Amigo do jornalista e escritor são-joanense Otto Lara Resende, o também escritor Fernando Sabino por muitas vezes esteve em São João del-Rei. Seduzia-o não só a cultura barroca - inegável marca registrada da cidade - mas também lhe intrigavam os requintes e sutilezas da cultura e da sabedoria popular, sobretudo a astúcia dissimulada que os são-joanenses usavam para atingir seus objetivos. Fazendo-se de "bocós", ingênuos e simplórios, os nativos de São João del-Rei eram hábeis em ludibriar os forasteiros que, chegando de fora, se julgavam "muito ladinos". Isto Fernando Sabino retrata no primeiro episódio breve do conto Mineiro por Mineiro, reproduzido abaixo. Mire e veja...
A MANEIRA ENROLADA com que um mineiro fila cigarro? Aqui vai.
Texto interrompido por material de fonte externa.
lemma max_mod_le_add_if_close:
  fixes f :: "complex \<Rightarrow> complex"
  assumes cont: "continuous_on (cball 0 R) f"
    and close: "\<And>x y. norm x \<le> R \<Longrightarrow> norm y \<le> R \<Longrightarrow> dist x y < d \<Longrightarrow> dist (f x) (f y) < e"
    and r: "0 < r" "r \<le> R" and s: "0 < s" "s \<le> R" and rs: "\<bar>s - r\<bar> < d"
  shows "max_mod f s \<le> max_mod f r + e"
proof (rule max_mod_le)
  show "0 \<le> s" using s by simp
  fix w :: complex assume w: "norm w = s"
  define w' where "w' = of_real (r / s) * w"
  have w': "norm w' = r" using w r s unfolding w'_def norm_mult norm_of_real by simp
  have "w - w' = of_real (1 - r / s) * w" by (simp add: w'_def algebra_simps)
  then have "norm (w - w') = \<bar>(1 - r / s) * s\<bar>"
    using w s by (simp only: norm_mult norm_of_real abs_mult)
  also have "(1 - r / s) * s = s - r" using s by (simp add: field_simps)
  finally have "dist (f w) (f w') < e"
    using close[of w w'] w w' r s rs by (simp add: dist_norm)
  moreover have "norm (f w') \<le> max_mod f r"
    using w' r cont by (intro norm_le_max_mod) (auto intro: continuous_on_subset)
  moreover have "norm (f w) \<le> norm (f w') + dist (f w) (f w')"
    by (simp add: dist_norm norm_triangle_sub)
  ultimately show "norm (f w) \<le> max_mod f r + e" by simp
qed

lemma isCont_max_mod:
  fixes f :: "complex \<Rightarrow> complex"
  assumes cont: "continuous_on UNIV f" and r: "0 < r"
  shows "isCont (max_mod f) r"
  unfolding continuous_at_eps_delta
proof (intro allI impI)
  fix e :: real assume e: "0 < e"
  have "uniformly_continuous_on (cball 0 (2 * r)) f"
    using cont by (intro compact_uniformly_continuous) (auto intro: continuous_on_subset)
  then obtain d where d: "0 < d"
    and close: "\<And>x y. x \<in> cball 0 (2 * r) \<Longrightarrow> y \<in> cball 0 (2 * r) \<Longrightarrow> dist x y < d \<Longrightarrow> dist (f x) (f y) < e / 2"
    using e unfolding uniformly_continuous_on_def by (metis dist_commute half_gt_zero)
  have cball_cont: "continuous_on (cball 0 (2 * r)) f"
    using cont by (rule continuous_on_subset) simp
  show "\<exists>d>0. \<forall>s. dist s r < d \<longrightarrow> dist (max_mod f s) (max_mod f r) < e"
  proof (intro exI[of _ "min d (r / 2)"] conjI allI impI)
    fix s assume "dist s r < min d (r / 2)"
    then have sr: "\<bar>s - r\<bar> < d" "\<bar>r - s\<bar> < d" "\<bar>s - r\<bar> < r / 2"
      by (auto simp: dist_real_def)
    then have s: "0 < s" "s \<le> 2 * r"
      by arith+
    have "max_mod f s \<le> max_mod f r + e / 2" "max_mod f r \<le> max_mod f s + e / 2"
      using r s sr by (auto intro!: max_mod_le_add_if_close[OF cball_cont] close)
    then show "dist (max_mod f s) (max_mod f r) < e"
      using e by (simp add: dist_real_def abs_le_iff)
  qed (use d r in simp)
qed

section \<open>The quasi-optimal radius\<close>

lemma entire_transcendental_holomorphic_on:
  "entire_transcendental f \<Longrightarrow> f holomorphic_on S"
  unfolding entire_transcendental_def by (auto intro: holomorphic_on_subset)

lemma entire_transcendental_deriv_nonzero_above:
  assumes "entire_transcendental f"
  shows "\<exists>m>n. (deriv ^^ m) f 0 \<noteq> 0"
proof (rule ccontr)
  assume "\<not> ?thesis"
  then have vanish: "(deriv ^^ m) f 0 = 0" if "n < m" for m
    using that by auto
  define p where "p = (\<Sum>k\<le>n. monom ((deriv ^^ k) f 0 / fact k) k)"
  have "f w = poly p w" for w
  proof -
    have "(\<lambda>k. (deriv ^^ k) f 0 / fact k * w ^ k) sums f w"
      using holomorphic_power_series[of f 0 "norm w + 1" w] entire_transcendental_holomorphic_on[OF assms]
      by simp
    moreover have "(\<lambda>k. (deriv ^^ k) f 0 / fact k * w ^ k) sums poly p w"
      unfolding p_def poly_sum poly_monom by (rule sums_finite) (auto simp: vanish)
    ultimately show ?thesis by (rule sums_unique2)
  qed
  then show False using assms by (auto simp: entire_transcendental_def)
qed

lemma max_mod_div_power_has_minimizer:
  fixes f :: "complex \<Rightarrow> complex"
  assumes f: "entire_transcendental f" and k: "(deriv ^^ k) f 0 \<noteq> 0" "k < n"
  shows "\<exists>r>0. \<forall>s>0. max_mod f r / r ^ n \<le> max_mod f s / s ^ n"
proof (rule exists_minimizer_on_positive_reals)
  note hol = entire_transcendental_holomorphic_on[OF f]
  have cont: "continuous_on UNIV f"
    by (rule holomorphic_on_imp_continuous_on[OF hol])
  show "continuous_on {0<..} (\<lambda>s. max_mod f s / s ^ n)"
    by (intro continuous_at_imp_continuous_on ballI continuous_intros isCont_max_mod[OF cont]) auto
  define a where "a = norm ((deriv ^^ k) f 0) / fact k"
  have a: "0 < a" using k by (simp add: a_def)
  have "\<forall>\<^sub>F s in at_right 0. s \<in> {0::real<..<1}"
    using eventually_at_right_real[of 0 1] by simp
  then have "\<forall>\<^sub>F s in at_right 0. a * inverse s \<le> max_mod f s / s ^ n"
  proof eventually_elim
    case (elim s)
    then have s: "0 < s" "s < 1" by auto
    have "s ^ (n - k) \<le> s ^ 1"
      using s k by (intro power_decreasing) auto
    moreover have "s ^ n = s ^ k * s ^ (n - k)"
      using k by (simp add: power_add[symmetric])
    ultimately have "a * inverse s \<le> a * s ^ k / s ^ n"
      using s a by (simp add: field_simps)
    also have "\<dots> \<le> max_mod f s / s ^ n"
      using coeff_mult_power_le_max_mod[OF hol s(1), of k] s
      by (intro divide_right_mono) (simp_all add: a_def)
    finally show ?case .
  qed
  then show "filterlim (\<lambda>s. max_mod f s / s ^ n) at_top (at_right 0)"
    by (rule filterlim_at_top_mono[rotated])
       (intro filterlim_tendsto_pos_mult_at_top[OF tendsto_const a filterlim_inverse_at_top_right])
  obtain m where m: "n < m" "(deriv ^^ m) f 0 \<noteq> 0"
    using entire_transcendental_deriv_nonzero_above[OF f] by blast
  define b where "b = norm ((deriv ^^ m) f 0) / fact m"
  have b: "0 < b" using m by (simp add: b_def)
  have "\<forall>\<^sub>F s in at_top. b * s \<le> max_mod f s / s ^ n"
    using eventually_ge_at_top[of 1]
  proof eventually_elim
    case (elim s)
    have "s ^ 1 \<le> s ^ (m - n)"
      using elim m by (intro power_increasing) auto
    moreover have "s ^ m = s ^ n * s ^ (m - n)"
      using m by (simp add: power_add[symmetric])
    ultimately have "b * s \<le> b * s ^ m / s ^ n"
      using elim b by (simp add: field_simps)
    also have "\<dots> \<le> max_mod f s / s ^ n"
      using coeff_mult_power_le_max_mod[OF hol, of s m] elim
      by (intro divide_right_mono) (simp_all add: b_def)
    finally show ?case .
  qed
  then show "filterlim (\<lambda>s. max_mod f s / s ^ n) at_top at_top"
    by (rule filterlim_at_top_mono[rotated])
       (intro filterlim_tendsto_pos_mult_at_top[OF tendsto_const b filterlim_ident])
qed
Ele estava em São João del-Rei admirando um chafariz, quando viu por ali a rondá-lo um velhinho mirrado e seco, roupa de brim e chapéu na cabeça, que acabou se chegando:
— Tá aí preciano, moço?
— Estou. Não é bonito?
Passou a mão pelo queixo, enquanto buscava assunto:
— O senhor não é daqui não, é?
— Sou de Minas, mas moro no Rio há muito tempo.
— Ah, foi educado lá.
— Isso mesmo.
— Posso saber qual é a sua graça?
O velho ouviu o nome e sacudiu a cabeça. Depois perguntou candidamente:
— Por acaso o senhor tem um fósforo aí?
Em resposta, o outro estendeu-lhe a caixa de fósforo. O velho correu as mãos a ao longo do paletó, como se procurasse alguma coisa, enquanto dizia:
— Quer dizer que o senhor fuma...
— Fumo sim — e ele tirou o maço do bolso, acendeu um cigarro: E o senhor? Não fuma?
— Dez vez em quando — admitiu o velho.
— Aceita um?
— Já que o senhor dispõe...
O velho tirou com dedos finos um cigarro do maço que lhe era estendido e, certamente para não desperdiçar fósforo, acendeu-o no cigarro do outro. E se despediu, levando a mão ao chapéu:
— Obrigado, moço. Muito prazer, viu?